ERYSIPELOTHRIX RHUSIOPATHIAE INFECTION IN MAN: Report of a Case with Cutaneous Bullae, in Which Cure Was Achieved with Penicillin

Author Affiliations


Arch Intern Med (Chic). 1946;78(5):565-577. doi:10.1001/archinte.1946.00220050070004

THE numerous cases, which have been reported, of infection of human beings by Erysipelothrix rhusiopathiae, the causative agent of swine erysipelas, fall into three rather well defined clinical categories (see Klauder1 for the literature). These are (1) a mild, localized cutaneous form (erysipeloid of Rosenbach2), (2) a severe, generalized cutaneous form and (3) a septicemic form, with or without cutaneous involvement, sometimes complicated by specific endocarditis (Russell and Lamb3).
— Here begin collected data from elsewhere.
(* Let $\alpha$ be a positive rational number and $v\in\widetilde V$. If $\rho_\alpha(v)=\alpha+4$, then $\alpha$ is an integer.
   Context: For real $\alpha>0$ put $t=\alpha+2$, $u_0=0$, $u_1=1$, $u_{i+2}=tu_{i+1}-u_i$; $\rho_\alpha(0)=0$ and $\rho_\alpha(n)=1+\frac{u_{n-1}}{u_n+1}$ for $n\in\mathbb{N}$. $\widetilde V$ is the set of infinite nonincreasing sequences of nonnegative integers that are eventually $0$, and $\rho_\alpha(v)=\sum_i\rho_\alpha(v_i)$. *)

theory Defs
  imports Complex_Main
begin

fun useq :: "real \<Rightarrow> nat \<Rightarrow> real" where
  "useq \<alpha> 0 = 0"
| "useq \<alpha> (Suc 0) = 1"
| "useq \<alpha> (Suc (Suc i)) = (\<alpha> + 2) * useq \<alpha> (Suc i) - useq \<alpha> i"

definition rho :: "real \<Rightarrow> nat \<Rightarrow> real" where
  "rho \<alpha> n = (if n = 0 then 0 else 1 + useq \<alpha> (n - 1) / (useq \<alpha> n + 1))"

definition Vtilde :: "(nat \<Rightarrow> nat) set" where
  "Vtilde = {v. (\<forall>i. v (Suc i) \<le> v i) \<and> (\<exists>N. \<forall>i\<ge>N. v i = 0)}"

text \<open>rho extended to sequences: the sum over all indices (only finitely many nonzero terms).\<close>
definition rho_seq :: "real \<Rightarrow> (nat \<Rightarrow> nat) \<Rightarrow> real" where
  "rho_seq \<alpha> v = (\<Sum>i. rho \<alpha> (v i))"

end

theory Submission
  imports Defs
begin

text \<open>Write \<open>\<alpha> = p/q\<close> in lowest terms with \<open>q > 1\<close>. Scaling the recurrence by \<open>q\<close> shows
  \<open>u\<^sub>n\<^sub>+\<^sub>1 = c\<^sub>n / q\<^sup>n\<close> with integers \<open>c\<^sub>n \<equiv> (p + 2q)\<^sup>n (mod q)\<close>, all coprime to \<open>q\<close>. Hence
  \<open>\<rho>\<^sub>\<alpha>(m + 2) = 1 + q c\<^sub>m / (c\<^sub>m\<^sub>+\<^sub>1 + q\<^sup>m\<^sup>+\<^sup>1)\<close> is a fraction whose denominator is coprime
  to \<open>q\<close>, and so is every finite sum \<open>\<rho>\<^sub>\<alpha>(v)\<close>. But \<open>\<alpha> + 4 = (p + 4q)/q\<close> is not such a
  fraction.\<close>

lemma coprime_add_mult_left_iff:
  fixes a b c :: "'a :: semiring_gcd"
  shows "coprime (a + c * b) b \<longleftrightarrow> coprime a b"
  by (simp add: coprime_iff_gcd_eq_1 gcd.commute[of _ b] add.commute[of a] gcd_add_mult)

definition has_denom_coprime :: "int \<Rightarrow> real \<Rightarrow> bool" where
  "has_denom_coprime q x \<longleftrightarrow> (\<exists>a d. d \<noteq> 0 \<and> coprime d q \<and> x = of_int a / of_int d)"

lemma has_denom_coprime_of_int: "has_denom_coprime q (of_int z)"
  unfolding has_denom_coprime_def by (rule exI[of _ z], rule exI[of _ 1]) simp

lemma has_denom_coprime_add:
  assumes "has_denom_coprime q x" and "has_denom_coprime q y"
  shows "has_denom_coprime q (x + y)"
proof -
  obtain a d where x: "d \<noteq> 0" "coprime d q" "x = of_int a / of_int d"
    using assms(1) unfolding has_denom_coprime_def by blast
  obtain b e where y: "e \<noteq> 0" "coprime e q" "y = of_int b / of_int e"
    using assms(2) unfolding has_denom_coprime_def by blast
  have "x + y = of_int (a * e + b * d) / of_int (d * e)"
    using x y by (simp add: field_simps)
  moreover have "d * e \<noteq> 0" and "coprime (d * e) q"
    using x y by simp_all
  ultimately show ?thesis
    unfolding has_denom_coprime_def by blast
qed

lemma has_denom_coprime_sum:
  assumes "\<And>i. i \<in> A \<Longrightarrow> has_denom_coprime q (f i)"
  shows "has_denom_coprime q (\<Sum>i\<in>A. f i)"
  using assms
  by (induction A rule: infinite_finite_induct)
     (auto intro: has_denom_coprime_add has_denom_coprime_of_int[of _ 0, simplified])

lemma not_has_denom_coprime_frac:
  fixes p q :: int
  assumes "q > 1" and "coprime p q"
  shows "\<not> has_denom_coprime q (of_int p / of_int q)"
proof
  assume "has_denom_coprime q (of_int p / of_int q)"
  then obtain a d where d: "d \<noteq> 0" "coprime d q"
    and eq: "of_int p / of_int q = (of_int a / of_int d :: real)"
    unfolding has_denom_coprime_def by blast
  have "of_int (p * d) = (of_int (a * q) :: real)"
    using eq d(1) assms(1) by (simp add: field_simps)
  then have "q dvd p * d"
    by (simp only: of_int_eq_iff) simp
  then have "q dvd p"
    using d(2) by (simp add: coprime_commute coprime_dvd_mult_left_iff)
  then have "is_unit q"
    using assms(2) by (meson coprime_common_divisor dvd_refl)
  then show False
    using assms(1) by simp
qed

fun useq_numer :: "int \<Rightarrow> int \<Rightarrow> nat \<Rightarrow> int" where
  "useq_numer p q 0 = 1"
| "useq_numer p q (Suc 0) = p + 2 * q"
| "useq_numer p q (Suc (Suc n)) =
     (p + 2 * q) * useq_numer p q (Suc n) - q\<^sup>2 * useq_numer p q n"

lemma useq_numer_coprime:
  assumes "coprime p q"
  shows "coprime (useq_numer p q n) q"
proof (induction n rule: induct_nat_012)
  case 1
  show ?case
    using coprime_add_mult_left_iff[of p 2 q] assms by simp
next
  case (ge2 n)
  have "coprime ((p + 2 * q) * useq_numer p q (Suc n)) q"
    using coprime_add_mult_left_iff[of p 2 q] assms ge2 by simp
  then have "coprime ((p + 2 * q) * useq_numer p q (Suc n) + (- q * useq_numer p q n) * q) q"
    by (simp only: coprime_add_mult_left_iff)
  then show ?case
    by (simp add: power2_eq_square algebra_simps)
qed simp

lemma useq_Suc_eq_numer:
  fixes p q :: int
  assumes "q \<noteq> 0" and "\<alpha> = of_int p / of_int q"
  shows "useq \<alpha> (Suc n) = of_int (useq_numer p q n) / of_int q ^ n"
proof (induction n rule: induct_nat_012)
  case 1
  show ?case
    using assms by (simp add: field_simps)
next
  case (ge2 n)
  have "useq \<alpha> (Suc (Suc (Suc n))) = (\<alpha> + 2) * useq \<alpha> (Suc (Suc n)) - useq \<alpha> (Suc n)"
    by simp
  also have "\<dots> = (\<alpha> + 2) * (of_int (useq_numer p q (Suc n)) / of_int q ^ Suc n)
      - of_int (useq_numer p q n) / of_int q ^ n"
    by (simp only: ge2)
  also have "\<dots> = of_int (useq_numer p q (Suc (Suc n))) / of_int q ^ Suc (Suc n)"
    using assms by (simp add: field_simps power2_eq_square)
  finally show ?case .
qed simp

lemma has_denom_coprime_rho:
  fixes p q :: int
  assumes "q > 1" and "coprime p q" and "\<alpha> = of_int p / of_int q"
  shows "has_denom_coprime q (rho \<alpha> n)"
proof -
  consider "n = 0" | "n = 1" | m where "n = Suc (Suc m)"
    by (metis One_nat_def not0_implies_Suc)
  then show ?thesis
  proof cases
    case 1
    then show ?thesis
      using has_denom_coprime_of_int[of q 0] by (simp add: rho_def)
  next
    case 2
    then show ?thesis
      using has_denom_coprime_of_int[of q 1] by (simp add: rho_def)
  next
    case 3
    define C where "C = useq_numer p q m"
    define D where "D = useq_numer p q (Suc m) + q ^ m * q"
    have "coprime D q"
      unfolding D_def coprime_add_mult_left_iff using useq_numer_coprime assms(2) .
    moreover from this have "D \<noteq> 0"
      using assms(1) by auto
    ultimately have "has_denom_coprime q (of_int (q * C) / of_int D)"
      unfolding has_denom_coprime_def by blast
    moreover have "rho \<alpha> n = of_int 1 + of_int (q * C) / of_int D"
    proof -
      have u: "useq \<alpha> (Suc m) = of_int C / of_int q ^ m"
        "useq \<alpha> (Suc (Suc m)) = of_int (useq_numer p q (Suc m)) / of_int q ^ Suc m"
        using useq_Suc_eq_numer[of q \<alpha> p] assms unfolding C_def by (auto simp del: useq.simps)
      have "rho \<alpha> n = 1 + useq \<alpha> (Suc m) / (useq \<alpha> (Suc (Suc m)) + 1)"
        unfolding rho_def 3 by (simp del: useq.simps)
      also have "\<dots> = 1 + (of_int C / of_int q ^ m)
          / (of_int (useq_numer p q (Suc m)) / of_int q ^ Suc m + 1)"
        by (simp only: u)
      also have "\<dots> = of_int 1 + of_int (q * C) / of_int D"
        using \<open>D \<noteq> 0\<close> assms(1) unfolding D_def
        by (simp add: field_simps)
      finally show ?thesis .
    qed
    ultimately show ?thesis
      using has_denom_coprime_add has_denom_coprime_of_int by metis
  qed
qed

lemma rho_seq_eq_sum:
  assumes "\<And>i. i \<ge> N \<Longrightarrow> v i = 0"
  shows "rho_seq \<alpha> v = (\<Sum>i<N. rho \<alpha> (v i))"
  unfolding rho_seq_def by (rule suminf_finite) (use assms in \<open>auto simp: rho_def\<close>)

theorem proposition4:
  fixes \<alpha> :: real and v :: "nat \<Rightarrow> nat"
  assumes "\<alpha> \<in> \<rat>" and "\<alpha> > 0" and "v \<in> Vtilde"
    and "rho_seq \<alpha> v = \<alpha> + 4"
  shows "\<alpha> \<in> \<int>"
proof -
  obtain p q :: int where q: "q > 0" and pq: "coprime p q" and \<alpha>: "\<alpha> = of_int p / of_int q"
    using Rats_cases'[OF assms(1)] by blast
  show ?thesis
  proof (cases "q = 1")
    case True
    then show ?thesis
      using \<alpha> by simp
  next
    case False
    with q have "q > 1" by simp
    obtain N where "\<forall>i\<ge>N. v i = 0"
      using assms(3) unfolding Vtilde_def by blast
    then have "has_denom_coprime q (\<alpha> + 4)"
      using assms(4) rho_seq_eq_sum has_denom_coprime_sum has_denom_coprime_rho[OF \<open>q > 1\<close> pq \<alpha>]
      by metis
    then have "has_denom_coprime q (\<alpha> + 4 + of_int (- 4))"
      by (rule has_denom_coprime_add[OF _ has_denom_coprime_of_int])
    then show ?thesis
      using not_has_denom_coprime_frac[OF \<open>q > 1\<close> pq] \<alpha> by simp
  qed
qed

end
The less frequent clinical and anatomic manifestations which have been recorded are arthritis (Düttmann,4 Brind5 and Wüthrich6), meningitis (Dumont and Contoni7), lymphangitis and lymphadenopathy (Schölzke8), optic neuritis (Peters9), intracranial abscess (Torkildsen10) and osseous necrosis (Klauder, Kramer and Nicholas11).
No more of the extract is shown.